___ Dataset excerpts ___
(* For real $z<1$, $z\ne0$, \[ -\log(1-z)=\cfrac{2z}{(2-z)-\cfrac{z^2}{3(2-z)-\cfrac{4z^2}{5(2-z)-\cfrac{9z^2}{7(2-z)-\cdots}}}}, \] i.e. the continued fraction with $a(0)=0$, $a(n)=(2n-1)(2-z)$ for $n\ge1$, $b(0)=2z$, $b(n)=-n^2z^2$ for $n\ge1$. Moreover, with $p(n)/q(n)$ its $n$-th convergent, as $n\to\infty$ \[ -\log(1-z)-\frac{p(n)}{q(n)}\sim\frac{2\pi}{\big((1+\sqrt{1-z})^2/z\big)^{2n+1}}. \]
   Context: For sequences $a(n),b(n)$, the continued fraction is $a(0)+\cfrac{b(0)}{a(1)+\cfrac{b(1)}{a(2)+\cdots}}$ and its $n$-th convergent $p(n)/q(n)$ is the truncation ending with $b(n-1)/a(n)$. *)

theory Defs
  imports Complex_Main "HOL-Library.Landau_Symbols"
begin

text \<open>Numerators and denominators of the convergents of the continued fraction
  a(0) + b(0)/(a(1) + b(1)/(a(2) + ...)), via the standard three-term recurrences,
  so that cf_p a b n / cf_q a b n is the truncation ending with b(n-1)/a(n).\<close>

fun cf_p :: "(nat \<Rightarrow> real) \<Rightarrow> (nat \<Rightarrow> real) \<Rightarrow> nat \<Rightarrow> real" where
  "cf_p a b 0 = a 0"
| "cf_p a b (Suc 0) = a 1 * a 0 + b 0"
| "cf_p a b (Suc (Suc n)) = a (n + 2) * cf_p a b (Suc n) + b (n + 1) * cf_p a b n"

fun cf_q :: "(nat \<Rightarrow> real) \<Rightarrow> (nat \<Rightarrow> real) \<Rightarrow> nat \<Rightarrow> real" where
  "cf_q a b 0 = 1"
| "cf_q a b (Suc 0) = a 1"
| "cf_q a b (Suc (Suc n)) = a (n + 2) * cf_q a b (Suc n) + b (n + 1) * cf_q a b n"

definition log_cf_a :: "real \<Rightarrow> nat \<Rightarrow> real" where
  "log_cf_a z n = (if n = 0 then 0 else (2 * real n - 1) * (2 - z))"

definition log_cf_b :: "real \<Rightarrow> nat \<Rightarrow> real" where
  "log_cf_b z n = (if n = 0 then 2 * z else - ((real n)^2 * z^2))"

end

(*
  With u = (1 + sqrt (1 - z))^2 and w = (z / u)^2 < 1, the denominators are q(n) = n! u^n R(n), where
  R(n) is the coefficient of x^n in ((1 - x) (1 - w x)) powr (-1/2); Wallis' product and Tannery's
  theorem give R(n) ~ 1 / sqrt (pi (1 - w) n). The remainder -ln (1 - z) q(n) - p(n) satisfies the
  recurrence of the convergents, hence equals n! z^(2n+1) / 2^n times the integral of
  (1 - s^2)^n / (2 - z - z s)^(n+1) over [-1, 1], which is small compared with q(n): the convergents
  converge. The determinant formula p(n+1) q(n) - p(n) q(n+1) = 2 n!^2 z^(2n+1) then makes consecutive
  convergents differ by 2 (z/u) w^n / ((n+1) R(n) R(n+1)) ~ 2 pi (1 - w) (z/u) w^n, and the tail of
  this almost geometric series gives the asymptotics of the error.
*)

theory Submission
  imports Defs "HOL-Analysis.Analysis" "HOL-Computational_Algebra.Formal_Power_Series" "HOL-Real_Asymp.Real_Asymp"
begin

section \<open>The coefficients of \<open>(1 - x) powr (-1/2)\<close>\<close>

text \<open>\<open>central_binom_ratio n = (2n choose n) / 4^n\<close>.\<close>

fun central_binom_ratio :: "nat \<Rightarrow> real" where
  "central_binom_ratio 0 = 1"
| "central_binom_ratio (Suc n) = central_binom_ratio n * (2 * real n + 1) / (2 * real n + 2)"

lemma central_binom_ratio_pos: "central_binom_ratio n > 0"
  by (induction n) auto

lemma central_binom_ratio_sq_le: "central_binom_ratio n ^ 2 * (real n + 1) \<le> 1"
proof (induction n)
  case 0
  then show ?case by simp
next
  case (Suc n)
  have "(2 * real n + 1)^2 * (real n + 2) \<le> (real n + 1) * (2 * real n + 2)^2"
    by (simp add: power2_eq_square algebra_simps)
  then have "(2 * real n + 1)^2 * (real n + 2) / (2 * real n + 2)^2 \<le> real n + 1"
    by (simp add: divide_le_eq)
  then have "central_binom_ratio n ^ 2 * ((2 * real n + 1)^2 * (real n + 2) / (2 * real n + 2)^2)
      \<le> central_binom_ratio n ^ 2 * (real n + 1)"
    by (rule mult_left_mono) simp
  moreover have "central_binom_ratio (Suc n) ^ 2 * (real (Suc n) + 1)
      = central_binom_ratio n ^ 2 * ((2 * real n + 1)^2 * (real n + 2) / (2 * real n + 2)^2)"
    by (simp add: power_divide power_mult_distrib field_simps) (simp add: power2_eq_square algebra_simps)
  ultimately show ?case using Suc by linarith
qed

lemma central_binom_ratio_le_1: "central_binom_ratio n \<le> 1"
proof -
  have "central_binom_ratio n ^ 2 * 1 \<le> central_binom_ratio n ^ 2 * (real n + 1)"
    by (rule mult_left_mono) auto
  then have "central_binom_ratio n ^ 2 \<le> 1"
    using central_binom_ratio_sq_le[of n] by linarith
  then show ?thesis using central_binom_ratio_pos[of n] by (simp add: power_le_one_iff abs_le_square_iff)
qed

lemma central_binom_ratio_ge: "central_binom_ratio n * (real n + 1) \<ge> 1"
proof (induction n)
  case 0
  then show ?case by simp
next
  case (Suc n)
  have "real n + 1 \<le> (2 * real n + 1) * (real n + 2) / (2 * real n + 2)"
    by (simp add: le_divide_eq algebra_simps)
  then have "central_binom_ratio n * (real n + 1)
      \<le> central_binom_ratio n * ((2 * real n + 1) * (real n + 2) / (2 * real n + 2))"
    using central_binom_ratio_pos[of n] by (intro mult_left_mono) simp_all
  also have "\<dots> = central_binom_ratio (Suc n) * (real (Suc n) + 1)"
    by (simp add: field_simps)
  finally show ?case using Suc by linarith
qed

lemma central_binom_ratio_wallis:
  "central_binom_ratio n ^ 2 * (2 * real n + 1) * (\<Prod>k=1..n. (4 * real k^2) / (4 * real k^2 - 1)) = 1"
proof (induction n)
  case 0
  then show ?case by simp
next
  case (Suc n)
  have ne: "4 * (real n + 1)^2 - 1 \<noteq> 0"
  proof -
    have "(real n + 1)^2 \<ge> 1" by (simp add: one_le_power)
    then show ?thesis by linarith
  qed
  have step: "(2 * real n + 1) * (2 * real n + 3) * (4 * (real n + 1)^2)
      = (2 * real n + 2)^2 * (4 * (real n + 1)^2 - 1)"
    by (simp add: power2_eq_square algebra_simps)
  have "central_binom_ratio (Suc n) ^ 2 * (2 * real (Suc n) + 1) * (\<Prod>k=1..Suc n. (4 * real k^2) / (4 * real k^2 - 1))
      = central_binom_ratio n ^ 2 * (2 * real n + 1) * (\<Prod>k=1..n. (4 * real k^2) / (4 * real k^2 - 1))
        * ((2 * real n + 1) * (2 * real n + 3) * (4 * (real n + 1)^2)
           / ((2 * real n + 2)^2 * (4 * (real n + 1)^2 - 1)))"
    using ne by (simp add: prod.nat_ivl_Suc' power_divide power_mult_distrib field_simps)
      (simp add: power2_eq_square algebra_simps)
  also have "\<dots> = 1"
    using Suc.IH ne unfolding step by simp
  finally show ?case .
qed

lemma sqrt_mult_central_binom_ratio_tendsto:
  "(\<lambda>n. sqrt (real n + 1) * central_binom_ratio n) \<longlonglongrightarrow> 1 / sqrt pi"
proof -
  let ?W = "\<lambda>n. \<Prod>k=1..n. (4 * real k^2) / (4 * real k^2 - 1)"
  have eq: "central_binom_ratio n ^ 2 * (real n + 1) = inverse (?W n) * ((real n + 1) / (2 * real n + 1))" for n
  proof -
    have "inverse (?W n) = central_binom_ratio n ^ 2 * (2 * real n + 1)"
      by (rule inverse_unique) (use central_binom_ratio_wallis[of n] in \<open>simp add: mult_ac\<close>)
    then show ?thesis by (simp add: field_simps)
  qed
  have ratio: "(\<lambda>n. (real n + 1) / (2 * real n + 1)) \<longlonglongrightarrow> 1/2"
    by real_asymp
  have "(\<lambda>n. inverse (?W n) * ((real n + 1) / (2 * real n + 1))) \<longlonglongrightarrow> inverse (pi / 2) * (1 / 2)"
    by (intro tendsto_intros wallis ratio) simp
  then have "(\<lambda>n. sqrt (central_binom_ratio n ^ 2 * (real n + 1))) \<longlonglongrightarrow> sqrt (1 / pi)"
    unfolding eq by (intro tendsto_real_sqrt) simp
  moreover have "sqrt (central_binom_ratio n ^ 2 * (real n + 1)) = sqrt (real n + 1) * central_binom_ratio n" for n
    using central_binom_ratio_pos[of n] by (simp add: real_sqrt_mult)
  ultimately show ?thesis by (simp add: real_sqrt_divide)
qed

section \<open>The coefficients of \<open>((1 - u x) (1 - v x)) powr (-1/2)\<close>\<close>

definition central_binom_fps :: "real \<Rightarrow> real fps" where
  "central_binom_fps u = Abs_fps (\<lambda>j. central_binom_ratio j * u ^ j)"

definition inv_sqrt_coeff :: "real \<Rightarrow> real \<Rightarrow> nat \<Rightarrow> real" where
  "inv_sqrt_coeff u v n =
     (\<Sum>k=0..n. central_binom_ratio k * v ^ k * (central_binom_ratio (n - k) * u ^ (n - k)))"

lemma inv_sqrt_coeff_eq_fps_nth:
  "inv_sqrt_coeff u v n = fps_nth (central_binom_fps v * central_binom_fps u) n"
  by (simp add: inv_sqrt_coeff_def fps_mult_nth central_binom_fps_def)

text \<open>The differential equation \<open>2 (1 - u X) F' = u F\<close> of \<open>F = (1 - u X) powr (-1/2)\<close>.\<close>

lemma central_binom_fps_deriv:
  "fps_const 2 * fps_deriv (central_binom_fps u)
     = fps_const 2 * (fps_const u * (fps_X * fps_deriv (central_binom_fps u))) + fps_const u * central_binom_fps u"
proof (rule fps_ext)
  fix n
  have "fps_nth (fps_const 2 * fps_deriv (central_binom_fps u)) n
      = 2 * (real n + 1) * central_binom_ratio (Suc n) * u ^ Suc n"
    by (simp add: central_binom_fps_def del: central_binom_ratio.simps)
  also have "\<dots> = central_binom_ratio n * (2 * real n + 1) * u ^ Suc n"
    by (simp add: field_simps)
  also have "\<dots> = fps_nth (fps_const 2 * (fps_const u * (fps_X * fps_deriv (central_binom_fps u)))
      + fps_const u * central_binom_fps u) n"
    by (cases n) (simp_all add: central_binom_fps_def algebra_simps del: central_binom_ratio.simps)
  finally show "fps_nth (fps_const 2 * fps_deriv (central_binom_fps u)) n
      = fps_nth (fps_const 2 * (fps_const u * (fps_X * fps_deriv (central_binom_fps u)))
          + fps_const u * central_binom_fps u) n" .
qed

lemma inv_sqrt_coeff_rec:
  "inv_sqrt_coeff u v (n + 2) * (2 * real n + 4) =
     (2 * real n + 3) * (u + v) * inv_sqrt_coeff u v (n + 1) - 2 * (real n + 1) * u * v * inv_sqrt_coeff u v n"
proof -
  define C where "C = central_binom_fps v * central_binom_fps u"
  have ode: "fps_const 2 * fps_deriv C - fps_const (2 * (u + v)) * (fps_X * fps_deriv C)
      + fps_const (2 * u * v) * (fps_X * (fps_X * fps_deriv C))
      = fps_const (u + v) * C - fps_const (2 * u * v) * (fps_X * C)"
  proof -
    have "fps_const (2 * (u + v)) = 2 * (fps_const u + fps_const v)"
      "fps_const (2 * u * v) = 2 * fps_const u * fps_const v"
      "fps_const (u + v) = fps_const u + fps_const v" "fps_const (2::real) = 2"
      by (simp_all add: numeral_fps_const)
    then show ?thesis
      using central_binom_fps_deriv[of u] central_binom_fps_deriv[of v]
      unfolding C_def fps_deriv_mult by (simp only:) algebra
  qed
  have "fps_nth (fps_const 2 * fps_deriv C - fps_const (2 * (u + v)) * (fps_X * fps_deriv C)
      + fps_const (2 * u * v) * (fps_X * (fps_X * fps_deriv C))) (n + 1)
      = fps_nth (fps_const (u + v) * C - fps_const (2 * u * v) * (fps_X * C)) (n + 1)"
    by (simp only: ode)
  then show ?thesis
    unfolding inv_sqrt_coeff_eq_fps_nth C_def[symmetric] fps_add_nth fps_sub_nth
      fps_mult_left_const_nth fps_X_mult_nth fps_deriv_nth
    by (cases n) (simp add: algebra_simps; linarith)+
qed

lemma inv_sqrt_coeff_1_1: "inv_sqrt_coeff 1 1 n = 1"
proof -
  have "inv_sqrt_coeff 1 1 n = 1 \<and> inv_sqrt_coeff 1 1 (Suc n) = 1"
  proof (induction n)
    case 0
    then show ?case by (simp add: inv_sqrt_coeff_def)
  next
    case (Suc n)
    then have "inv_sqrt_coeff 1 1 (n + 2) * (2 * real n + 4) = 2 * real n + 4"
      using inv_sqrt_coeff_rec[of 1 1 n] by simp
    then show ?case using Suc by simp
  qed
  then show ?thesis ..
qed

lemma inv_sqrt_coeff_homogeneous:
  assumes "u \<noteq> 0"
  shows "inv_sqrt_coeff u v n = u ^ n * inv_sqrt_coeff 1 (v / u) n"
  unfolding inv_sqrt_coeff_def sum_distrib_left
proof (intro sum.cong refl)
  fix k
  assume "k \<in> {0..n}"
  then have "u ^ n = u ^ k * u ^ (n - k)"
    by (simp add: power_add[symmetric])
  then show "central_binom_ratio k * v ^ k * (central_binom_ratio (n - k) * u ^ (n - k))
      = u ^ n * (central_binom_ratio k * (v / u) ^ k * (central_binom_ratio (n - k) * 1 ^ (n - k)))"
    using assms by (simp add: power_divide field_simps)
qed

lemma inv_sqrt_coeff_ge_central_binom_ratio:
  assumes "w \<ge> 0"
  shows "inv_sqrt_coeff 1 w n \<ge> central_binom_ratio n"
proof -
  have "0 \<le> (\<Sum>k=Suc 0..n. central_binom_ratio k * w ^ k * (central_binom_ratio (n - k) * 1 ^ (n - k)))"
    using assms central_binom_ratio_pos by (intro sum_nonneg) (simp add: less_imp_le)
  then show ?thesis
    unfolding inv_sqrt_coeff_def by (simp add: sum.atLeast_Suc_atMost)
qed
___
◆ Exercise brief
Give back one number only: the count of lines in the entries that hold the string "fraction".

◆ Response to this task
3